Wer gewinnt den Deutschland-Grand-Prix in Hockenheim? Schumi, Vettel oder die Konkurrenz? Das SPORT1-Powerranking.

Vom Hockenheimring berichtet Marc Ellerich

Hockenheim - Der Deutschland-Grand-Prix 2012 auf dem Hockenheimring (Freies Training, Fr., ab 10 Uhr im LIVE-TICKER) ist gleich für fünf Piloten ein Heimrennen.

Red Bulls Doppel-Weltmeister Sebastian Vettel, Rekord-Weltmeister Michael Schumacher, sein Mercedes-Teamkollege Nico Rosberg sowie Nico Hülkenberg im Force India und Marussia-Fahrer Timo Glock treten auf dem badischen Kurs an, um ihre Landsleute zu begeistern.

Doch nur drei von ihnen dürfen sich ernsthafte Hoffnungen auf den prestigeträchtigen Sieg beim zehnten Saisonrennen machen: Vettel und das Mercedes-Gespann Schumacher/Rosberg.
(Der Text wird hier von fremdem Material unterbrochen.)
lemma (in finite_measure) AE_eventually_ln_ge:
  assumes "\<gamma> < 0" "q < r"
    and [measurable]: "\<And>t. W t \<in> borel_measurable M"
    and pos: "\<And>t \<omega>. \<omega> \<in> space M \<Longrightarrow> W t \<omega> > 0"
    and int: "\<And>t. integrable M (\<lambda>\<omega>. W t \<omega> powr \<gamma>)"
    and moment: "\<And>t. (\<integral>\<omega>. W t \<omega> powr \<gamma> \<partial>M) \<le> K * exp (r * \<gamma> * real t)"
  shows "AE \<omega> in M. eventually (\<lambda>t. q * real t \<le> ln (W t \<omega>)) sequentially"
proof -
  define A where "A t = {\<omega>\<in>space M. ln (W t \<omega>) < q * real t}" for t
  have [measurable]: "A t \<in> sets M" for t
    unfolding A_def by measurable
  have measure_A: "measure M (A t) \<le> K * exp (\<gamma> * (r - q)) ^ t" for t
  proof -
    have "W t \<omega> \<le> exp (q * real t)" if "\<omega> \<in> space M" "ln (W t \<omega>) < q * real t" for \<omega>
      using that pos[OF that(1)] by (metis exp_less_cancel_iff exp_ln less_imp_le)
    then have "A t \<subseteq> {\<omega>\<in>space M. W t \<omega> \<le> exp (q * real t)}"
      by (auto simp: A_def)
    then have "measure M (A t) \<le> measure M {\<omega>\<in>space M. W t \<omega> \<le> exp (q * real t)}"
      by (intro finite_measure_mono) auto
    also have "\<dots> \<le> (\<integral>\<omega>. W t \<omega> powr \<gamma> \<partial>M) * exp (q * real t) powr (-\<gamma>)"
      using assms(1) pos int by (intro measure_le_integral_powr_neg) auto
    also have "\<dots> \<le> K * exp (r * \<gamma> * real t) * exp (q * real t) powr (-\<gamma>)"
      using moment by (intro mult_right_mono) auto
    also have "\<dots> = K * exp (\<gamma> * (r - q)) ^ t"
    proof -
      have "exp (r * \<gamma> * real t) * exp (q * real t) powr (-\<gamma>) = exp (real t * (\<gamma> * (r - q)))"
        unfolding powr_def by (simp add: mult_exp_exp algebra_simps)
      then show ?thesis
        by (simp add: exp_of_nat_mult[symmetric])
    qed
    finally show ?thesis .
  qed
  have "summable (\<lambda>t. K * exp (\<gamma> * (r - q)) ^ t)"
    using assms(1,2) by (intro summable_mult summable_geometric) (simp add: mult_neg_pos)
  then have "summable (\<lambda>t. measure M (A t))"
    by (rule summable_comparison_test') (use measure_A in simp)
  then have "AE \<omega> in M. eventually (\<lambda>t. \<omega> \<in> space M - A t) sequentially"
    by (intro borel_cantelli_AE1) (auto simp: emeasure_eq_measure)
  then show ?thesis
    by (rule AE_mp) (auto elim!: eventually_mono simp: A_def not_less)
qed

lemma (in finite_measure) AE_liminf_ln_ge:
  assumes "\<gamma> < 0"
    and [measurable]: "\<And>t. W t \<in> borel_measurable M"
    and "\<And>t \<omega>. \<omega> \<in> space M \<Longrightarrow> W t \<omega> > 0"
    and "\<And>t. integrable M (\<lambda>\<omega>. W t \<omega> powr \<gamma>)"
    and moment: "\<And>r. ereal r < C \<Longrightarrow> \<exists>K. \<forall>t. (\<integral>\<omega>. W t \<omega> powr \<gamma> \<partial>M) \<le> K * exp (r * \<gamma> * real t)"
  shows "AE \<omega> in M. C \<le> liminf (\<lambda>t. ereal (1 / real t * ln (W t \<omega>)))"
proof -
  have "AE \<omega> in M. eventually (\<lambda>t. q * real t \<le> ln (W t \<omega>)) sequentially"
    if q_less: "ereal q < C" for q
  proof -
    obtain r where "ereal q < ereal r" "ereal r < C"
      using ereal_dense2[OF q_less] by blast
    with moment obtain K where "\<And>t. (\<integral>\<omega>. W t \<omega> powr \<gamma> \<partial>M) \<le> K * exp (r * \<gamma> * real t)"
      by blast
    then show ?thesis
      using \<open>ereal q < ereal r\<close> assms(1-4) by (intro AE_eventually_ln_ge[where r = r and K = K]) simp_all
  qed
  then have "AE \<omega> in M. \<forall>q\<in>\<rat>. ereal q < C \<longrightarrow> eventually (\<lambda>t. q * real t \<le> ln (W t \<omega>)) sequentially"
    by (subst AE_ball_countable) (auto simp: countable_rat)
  then show ?thesis
  proof (rule AE_mp, intro AE_I2 impI)
    fix \<omega>
    assume growth: "\<forall>q\<in>\<rat>. ereal q < C \<longrightarrow> eventually (\<lambda>t. q * real t \<le> ln (W t \<omega>)) sequentially"
    show "C \<le> liminf (\<lambda>t. ereal (1 / real t * ln (W t \<omega>)))"
    proof (rule ereal_le_if_rat_less_imp_le)
      fix q :: real
      assume "q \<in> \<rat>" "ereal q < C"
      with growth have "eventually (\<lambda>t. q * real t \<le> ln (W t \<omega>)) sequentially"
        by blast
      then have "eventually (\<lambda>t. ereal q \<le> ereal (1 / real t * ln (W t \<omega>))) sequentially"
        using eventually_gt_at_top[of 0] by eventually_elim (simp add: field_simps)
      then show "ereal q \<le> liminf (\<lambda>t. ereal (1 / real t * ln (W t \<omega>)))"
        by (rule Liminf_bounded)
    qed
  qed
qed

lemma (in prob_space) nn_integral_hitting_time_le:
  assumes "\<gamma> < 0" "c > 0" "K \<ge> 1"
    and [measurable]: "\<And>t. W t \<in> borel_measurable M"
    and pos: "\<And>t \<omega>. \<omega> \<in> space M \<Longrightarrow> W t \<omega> > 0"
    and int: "\<And>t. integrable M (\<lambda>\<omega>. W t \<omega> powr \<gamma>)"
    and moment: "\<And>t. (\<integral>\<omega>. W t \<omega> powr \<gamma> \<partial>M) \<le> K * exp (c * \<gamma> * real t)"
  shows "\<exists>D\<ge>0. \<forall>b. (\<integral>\<^sup>+\<omega>. hitting_time W b \<omega> \<partial>M) \<le> ennreal (ln (max b 1) / c + D)"
proof -
  define \<alpha> where "\<alpha> = - c * \<gamma>"
  have "\<alpha> > 0"
    unfolding \<alpha>_def using assms(1,2) by (simp add: mult_pos_neg)
  define D where "D = ln K / \<alpha> + 1 + 1 / (1 - exp (-\<alpha>))"
  have "D \<ge> 0"
    unfolding D_def using \<open>\<alpha> > 0\<close> assms(3) by (simp add: add_nonneg_pos)
  moreover have "(\<integral>\<^sup>+\<omega>. hitting_time W b \<omega> \<partial>M) \<le> ennreal (ln (max b 1) / c + D)" for b
  proof -
    define B where "B = max b 1"
    define X where "X = K * B powr (-\<gamma>)"
    have "B \<ge> 1"
      unfolding B_def by simp
    then have "B powr (-\<gamma>) \<ge> 1"
      using assms(1) by (intro ge_one_powr_ge_zero) auto
    then have "X \<ge> 1"
      unfolding X_def using mult_mono[OF assms(3)] assms(3) by fastforce
    define A where "A t = {\<omega>\<in>space M. \<forall>s\<le>t. W s \<omega> \<le> b}" for t
    have [measurable]: "A t \<in> sets M" for t
      unfolding A_def by measurable
    have prob_A: "prob (A t) \<le> min 1 (X * exp (-\<alpha> * real t))" for t
    proof -
      have "prob (A t) \<le> prob {\<omega>\<in>space M. W t \<omega> \<le> B}"
        by (intro finite_measure_mono) (auto simp: A_def B_def)
      also have "\<dots> \<le> (\<integral>\<omega>. W t \<omega> powr \<gamma> \<partial>M) * B powr (-\<gamma>)"
        using assms(1) \<open>B \<ge> 1\<close> pos int by (intro measure_le_integral_powr_neg) auto
      also have "\<dots> \<le> K * exp (c * \<gamma> * real t) * B powr (-\<gamma>)"
        using moment by (intro mult_right_mono) auto
      also have "\<dots> = X * exp (-\<alpha> * real t)"
        unfolding X_def \<alpha>_def by simp
      finally show ?thesis
        by simp
    qed
    have "(\<integral>\<^sup>+\<omega>. hitting_time W b \<omega> \<partial>M) = (\<integral>\<^sup>+\<omega>. (\<Sum>t. indicator (A t) \<omega>) \<partial>M)"
      by (intro nn_integral_cong) (simp add: hitting_time_eq_suminf_indicator A_def indicator_def)
    also have "\<dots> = (\<Sum>t. emeasure M (A t))"
      by (subst nn_integral_suminf) auto
    also have "\<dots> \<le> (\<Sum>t. ennreal (min 1 (X * exp (-\<alpha> * real t))))"
      using prob_A by (intro suminf_le) (auto simp: emeasure_eq_measure ennreal_leI)
    also have "\<dots> = ennreal (\<Sum>t. min 1 (X * exp (-\<alpha> * real t)))"
      using suminf_min_one_exp_le(1)[OF \<open>\<alpha> > 0\<close> \<open>X \<ge> 1\<close>] \<open>X \<ge> 1\<close>
      by (intro suminf_ennreal2) auto
    also have "\<dots> \<le> ennreal (ln X / \<alpha> + 1 + 1 / (1 - exp (-\<alpha>)))"
      by (intro ennreal_leI suminf_min_one_exp_le(2)[OF \<open>\<alpha> > 0\<close> \<open>X \<ge> 1\<close>])
    also have "ln X / \<alpha> = ln B / c + ln K / \<alpha>"
      using assms(1-3) \<open>B \<ge> 1\<close> by (simp add: X_def \<alpha>_def ln_mult ln_powr field_simps)
    finally show ?thesis
      unfolding B_def D_def by (simp add: add.assoc)
  qed
  ultimately show ?thesis
    by blast
qed

theorem theorem3:
  fixes M :: "'a measure" and \<gamma> :: real and W :: "nat \<Rightarrow> 'a \<Rightarrow> real" and C :: ereal
  assumes "prob_space M"
    and "\<gamma> < 0"
    and "\<And>t. W t \<in> borel_measurable M"
    and "\<And>t \<omega>. \<omega> \<in> space M \<Longrightarrow> W t \<omega> > 0"
    and "\<And>t. integrable M (\<lambda>\<omega>. W t \<omega> powr \<gamma>)"
    and C_def: "C = liminf (\<lambda>t. ereal (1 / real t * (1 / \<gamma>) * ln (\<integral>\<omega>. W t \<omega> powr \<gamma> \<partial>M)))"
  shows "(AE \<omega> in M. liminf (\<lambda>t. ereal (1 / real t * ln (W t \<omega>))) \<ge> C) \<and>
         (C > 0 \<longrightarrow>
           (\<forall>b\<ge>0. hitting_time W b \<in> borel_measurable M \<and>
                   (\<integral>\<^sup>+ \<omega>. hitting_time W b \<omega> \<partial>M) < \<infinity>) \<and>
           Limsup at_top (\<lambda>b::real. ereal (enn2real (\<integral>\<^sup>+ \<omega>. hitting_time W b \<omega> \<partial>M) / ln b))
             \<le> inverse C)"
proof -
  interpret prob_space M by fact
  have "0 < (\<integral>\<omega>. W t \<omega> powr \<gamma> \<partial>M)" for t
    using assms(5) by (intro expectation_greater) (auto intro!: AE_I2 dest: assms(4)[THEN less_imp_neq])
  then have moment: "\<exists>K\<ge>1. \<forall>t. (\<integral>\<omega>. W t \<omega> powr \<gamma> \<partial>M) \<le> K * exp (c * \<gamma> * real t)"
    if "ereal c < C" for c
    using assms(2) that unfolding C_def by (intro le_const_mult_exp_if_less_liminf)
  have hitting: "\<exists>D\<ge>0. \<forall>b. (\<integral>\<^sup>+\<omega>. hitting_time W b \<omega> \<partial>M) \<le> ennreal (ln (max b 1) / c + D)"
    if "0 < c" "ereal c < C" for c
    using moment[OF that(2)] assms(2-5) that(1) by (metis nn_integral_hitting_time_le)
  have "AE \<omega> in M. C \<le> liminf (\<lambda>t. ereal (1 / real t * ln (W t \<omega>)))"
    using assms(2-5) moment by (intro AE_liminf_ln_ge) blast+
  moreover have "\<forall>b\<ge>0. hitting_time W b \<in> borel_measurable M \<and> (\<integral>\<^sup>+ \<omega>. hitting_time W b \<omega> \<partial>M) < \<infinity>"
    if "C > 0"
  proof -
    obtain c where "0 < c" "ereal c < C"
      using ereal_dense2[OF \<open>C > 0\<close>] by (auto simp: zero_ereal_def)
    with hitting obtain D
      where "\<And>b. (\<integral>\<^sup>+\<omega>. hitting_time W b \<omega> \<partial>M) \<le> ennreal (ln (max b 1) / c + D)"
      by blast
    then show ?thesis
      using assms(3) by (auto intro: le_less_trans[OF _ ennreal_less_top])
  qed
  moreover have "Limsup at_top (\<lambda>b. ereal (enn2real (\<integral>\<^sup>+ \<omega>. hitting_time W b \<omega> \<partial>M) / ln b)) \<le> inverse C"
    if "C > 0"
  proof (rule ereal_le_inverse_if_le_inverse_below[OF that])
    fix c assume "0 < c" "ereal c < C"
    with hitting obtain D where "D \<ge> 0"
      and D: "\<And>b. (\<integral>\<^sup>+\<omega>. hitting_time W b \<omega> \<partial>M) \<le> ennreal (ln (max b 1) / c + D)"
      by blast
    have "enn2real (\<integral>\<^sup>+ \<omega>. hitting_time W b \<omega> \<partial>M) \<le> ln b / c + D" if "1 \<le> b" for b
      using D[of b] that \<open>0 < c\<close> \<open>D \<ge> 0\<close> by (intro enn2real_leI) (simp_all add: max_absorb1)
    with \<open>0 < c\<close> show "Limsup at_top (\<lambda>b. ereal (enn2real (\<integral>\<^sup>+ \<omega>. hitting_time W b \<omega> \<partial>M) / ln b)) \<le> ereal (1 / c)"
      by (rule Limsup_div_ln_le)
  qed
  ultimately show ?thesis
    by blast
qed
lemma ready_sigs_authentic_cstep:
  "cstep n f i s s' \<Longrightarrow> rb_invariant n B s \<Longrightarrow> i \<notin> B \<Longrightarrow> ready_sigs_authentic B s'"
proof (induction rule: cstep.induct)
  case (wr_deliv s i j ts v S e)
  then show ?case
    by (auto simp: rb_invariant_def ready_sigs_authentic_def collected_readies_sound_def
        readied_def setloc_def parts_insert[of _ "histS s"])
next
  case (dwr s i e)
  then have "e \<in> histS s"
    by (auto simp: rb_invariant_def pending_delivery_recorded_def)
  with dwr show ?case
    by (simp add: rb_invariant_def ready_sigs_authentic_def setloc_def insert_absorb)
qed (auto simp: rb_invariant_def ready_sigs_authentic_def setloc_def parts_insert[of _ "histS _"])

lemma ready_committed_cstep:
  assumes "cstep n f i s s'" and "ready_committed s' p j ts v q" and "q \<in> {1..n}"
  shows "ready_committed s p j ts v q
    \<or> (p = i \<and> lpc (locS s i) = RChk1 j ts v q False \<and> \<not> conflict_in (echoR s q) q j ts v)"
  using assms
proof (induction rule: cstep.induct)
  case (chk1_rd s i j' ts' v' k c)
  then show ?case
    by (auto simp: ready_committed_def readied_def setloc_def less_Suc_eq split: if_splits)
qed (auto simp: ready_committed_def readied_def setloc_def split: if_splits)

lemma ready_committed_echoed:
  "echo_before_ready B s \<Longrightarrow> p \<notin> B \<Longrightarrow> ready_committed s p j ts v q \<Longrightarrow> echoed s p j ts v"
  unfolding echo_before_ready_def ready_committed_def by force
(* Let $\lambda,R_c,H,\alpha_L,\alpha_N,B,C>0$ and $0<\delta\le1$. Let $\Phi$ be a homogeneous Poisson point process on $\mathbb{R}^2$ of intensity $\lambda$, $\mathcal{D}=\{y:\|y\|\le R_c\}$, $\Phi_o=\Phi\setminus\mathcal{D}$. For $x\in\mathcal{D}$ let $r_1(x)=\min_{y\in\Phi_o}\|y-x\|$, and let $s(x)\in\{L,N\}$ be a random label, independent of $\Phi$, with $\Pr(s(x)=L)=P_L(\|x\|)$, where $P_L(r_0)=\frac{1}{1+C\exp(-B(\phi(r_0,H)-C))}$, $\phi(r_0,H)=\arctan\frac{H}{r_0}$, and $P_N=1-P_L$. Define the random sets $\mathcal{A}_1=\{x\in\mathcal{D}: r_1(x)^{\alpha_N}\le\delta(H^2+\|x\|^2)^{\alpha_{s(x)}/2}\}$, $\mathcal{A}_2=\{x\in\mathcal{D}:\delta(H^2+\|x\|^2)^{\alpha_{s(x)}/2}<r_1(x)^{\alpha_N}\le\frac1\delta(H^2+\|x\|^2)^{\alpha_{s(x)}/2}\}$, $\mathcal{A}_3=\{x\in\mathcal{D}: r_1(x)^{\alpha_N}>\frac1\delta(H^2+\|x\|^2)^{\alpha_{s(x)}/2}\}$, and the expected areas $C_{\mathcal{A}_i}=\int_{\mathcal{D}}\Pr(x\in\mathcal{A}_i)\,dx$. Then, with $A_s(r_0)=\big(\delta(H^2+r_0^2)^{\alpha_s/2}\big)^{1/\alpha_N}$ and $B_s(r_0)=\big(\tfrac1\delta(H^2+r_0^2)^{\alpha_s/2}\big)^{1/\alpha_N}$ for $s\in\{L,N\}$, $$C_{\mathcal{A}_1}=2\pi\sum_{s\in\{L,N\}}\int_0^{R_c}P_s(r_0)F_{r_1|r_0}(A_s(r_0))r_0\,dr_0,$$ $$C_{\mathcal{A}_2}=2\pi\sum_{s\in\{L,N\}}\int_0^{R_c}P_s(r_0)\big(F_{r_1|r_0}(B_s(r_0))-F_{r_1|r_0}(A_s(r_0))\big)r_0\,dr_0,$$ $$C_{\mathcal{A}_3}=2\pi\sum_{s\in\{L,N\}}\int_0^{R_c}P_s(r_0)\big(1-F_{r_1|r_0}(B_s(r_0))\big)r_0\,dr_0,$$ where $F_{r_1|r_0}$ is the cumulative distribution function of $r_1(x)$ for any $x$ with $\|x\|=r_0$.
   Context: A UAV hovers at height $H$ above the center of the disc $\mathcal{D}$; $s(x)$ indicates whether the UAV-to-user link is line-of-sight ($L$) or not ($N$), with path-loss exponents $\alpha_L,\alpha_N$. A user at $x$ is served by its nearest ground base station only ($\mathcal{A}_1$), by both the UAV and the nearest ground base station ($\mathcal{A}_2$), or by the UAV only ($\mathcal{A}_3$). $F_{r_1|r_0}(r)$ equals $0$ for $r\le R_c-r_0$, $1-e^{-\lambda\zeta_2(r)}$ for $R_c-r_0<r<R_c+r_0$ (with $\zeta_2(r)$ the area of the disc of radius $r$ around $x$ lying outside $\mathcal{D}$), and $1-e^{-\lambda(\pi r^2-\pi R_c^2)}$ otherwise. *)

theory Defs
  imports "HOL-Probability.Probability"
begin

definition is_PPP :: "'a measure \<Rightarrow> real \<Rightarrow> ('a \<Rightarrow> (real \<times> real) set) \<Rightarrow> bool" where
  "is_PPP M lam Phi \<longleftrightarrow>
     (\<forall>\<omega>\<in>space M. \<forall>A. bounded A \<longrightarrow> finite (Phi \<omega> \<inter> A)) \<and>
     (\<forall>A (k::nat). A \<in> sets lborel \<and> bounded A \<longrightarrow>
        {\<omega>\<in>space M. card (Phi \<omega> \<inter> A) = k} \<in> sets M \<and>
        measure M {\<omega>\<in>space M. card (Phi \<omega> \<inter> A) = k}
          = (lam * measure lborel A) ^ k / fact k * exp (- (lam * measure lborel A))) \<and>
     (\<forall>(I::nat set) A. disjoint_family_on A I \<and> (\<forall>i\<in>I. A i \<in> sets lborel \<and> bounded (A i)) \<longrightarrow>
        prob_space.indep_vars M (\<lambda>_. count_space UNIV) (\<lambda>i \<omega>. card (Phi \<omega> \<inter> A i)) I)"

definition PPP_sigma :: "'a measure \<Rightarrow> ('a \<Rightarrow> (real \<times> real) set) \<Rightarrow> 'a set set" where
  "PPP_sigma M Phi = sigma_sets (space M)
     {{\<omega>\<in>space M. card (Phi \<omega> \<inter> A) = k} | A k. A \<in> sets lborel \<and> bounded A}"

definition r1 :: "real \<Rightarrow> (real \<times> real) set \<Rightarrow> real \<times> real \<Rightarrow> real" where
  "r1 Rc P x = infdist x {y\<in>P. norm y > Rc}"

text \<open>CDF of r1(x) for x with norm x = r0 (evaluated at x = (r0,0)).\<close>
definition F_r1 :: "'a measure \<Rightarrow> ('a \<Rightarrow> (real \<times> real) set) \<Rightarrow> real \<Rightarrow> real \<Rightarrow> real \<Rightarrow> real" where
  "F_r1 M Phi Rc r0 r = measure M {\<omega>\<in>space M. r1 Rc (Phi \<omega>) (r0, 0) \<le> r}"

definition elev :: "real \<Rightarrow> real \<Rightarrow> real" where
  "elev r0 H = (if r0 = 0 then pi / 2 else arctan (H / r0))"

definition P_L :: "real \<Rightarrow> real \<Rightarrow> real \<Rightarrow> real \<Rightarrow> real" where
  "P_L B C H r0 = 1 / (1 + C * exp (- B * (elev r0 H - C)))"
theorem proposition6p6:
  fixes K :: "'a::field_char_0 set" and v w :: "'a \<Rightarrow> int" and p :: nat and e :: int
    and P Q :: "'a poly" and d :: nat and \<alpha> \<beta> :: "nat \<Rightarrow> 'a"
  assumes K: "padic_local_field K v p"
    and e_def: "e = v (of_nat p)"
    and e_le: "e \<le> int p - 1"
    and L: "finite_valued_extension K v w"
    and P_coeffs: "\<forall>i. coeff P i \<in> val_ring K v"
    and Q_coeffs: "\<forall>i. coeff Q i \<in> val_ring K v"
    and P_monic: "lead_coeff P = 1" and Q_monic: "lead_coeff Q = 1"
    and P_deg: "degree P = d" and Q_deg: "degree Q = d"
    and P_roots: "P = (\<Prod>i<d. [:- \<alpha> i, 1:])"
    and Q_roots: "Q = (\<Prod>i<d. [:- \<beta> i, 1:])"
    and \<alpha>_int: "\<forall>i<d. \<alpha> i \<in> val_ring UNIV w"
    and \<beta>_int: "\<forall>i<d. \<beta> i \<in> val_ring UNIV w"
    and cong: "\<forall>n::nat. n \<ge> 1 \<longrightarrow>
       (\<exists>a\<in>val_ideal K v. (\<Sum>i<d. \<alpha> i ^ n) - (\<Sum>i<d. \<beta> i ^ n) = of_nat n * a)"
  shows "\<exists>\<sigma>. bij_betw \<sigma> {..<d} {..<d} \<and>
           (\<forall>i<d. \<alpha> i - \<beta> (\<sigma> i) \<in> val_ideal UNIV w)"
proof -
  obtain C where "0 < C" and w_v: "\<forall>x\<in>K - {0}. w x = C * v x"
    and w: "discrete_valuation_on UNIV w"
    using L by (auto simp: finite_valued_extension_def)
  have "prime p" and "is_subfield K" and "0 < v (of_nat p)"
    using K by (simp_all add: padic_local_field_def)
  then have w_p: "w (of_nat p) = C * e"
    using w_v of_nat_in_subfield[of K p] prime_gt_0_nat[of p] e_def by simp
  interpret residue_char_valuation w p
    using w \<open>prime p\<close> \<open>0 < C\<close> \<open>0 < v (of_nat p)\<close> by unfold_locales (simp_all add: w_p e_def)
  obtain c where c: "\<forall>n\<ge>1. c n \<in> val_ideal K v \<and>
      (\<Sum>i<d. \<alpha> i ^ n) - (\<Sum>i<d. \<beta> i ^ n) = of_nat n * c n"
    using cong by metis
  have "\<forall>n\<ge>1. c n = 0 \<or> C \<le> w (c n)"
    using c val_ideal_scaled_valuation_ge[OF w_v] \<open>0 < C\<close> by simp
  moreover have "w (of_nat p) \<le> C * (int p - 1)"
    using w_p e_le \<open>0 < C\<close> by simp
  ultimately have "P - Q \<in> poly_over \<M>"
    using prod_linear_congruence \<beta>_int c unfolding P_roots Q_roots by blast
  then show ?thesis
    using roots_matching_if_prod_linear_congruent \<alpha>_int \<beta>_int unfolding P_roots Q_roots by blast
qed

end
SPORT1 checkt im Powerranking die Chancen der drei deutschen Stars sowie ihrer ärgsten Rivalen.

Sebastian Vettel

Für den Red-Bull-Piloten ist der Grand Prix in Hockenheim sozusagen ein Auftritt im eigenen Wohnzimmer. Der Weltmeister der Jahre 2010 und 2011 ist nur 50 Kilometer entfernt, im Städtchen Heppenheim, geboren und aufgewachsen 265475(DIASHOW: Die Grand-Prix-Historie von Hockenheim).

Seine Familie und viele Freunde werden anreisen, um Vettel am Rennsonntag anzufeuern (BERICHT: Vettel gegen den Heimfluch).

Kein Wunder also, dass der Hesse unbedingt den Sieg beim Heimat-Gastspiel einfahren will, obwohl es dafür auch nur 25 Punkte wie für jeden anderen Triumph gibt, wie Vettel selber sagt. Einmal abgesehen davon, dass der Champion diese nach seinem dritten Platz in Silverstone und seinem technisch bedingten Nuller beim Europa-GP in Valencia bitter nötig hat.

Seine Bilanz bei bisher vier Auftritten in der Heimat ist allerdings mager: Noch immer wartet Vettel auf einen Sieg vor seinen deutschen Fans.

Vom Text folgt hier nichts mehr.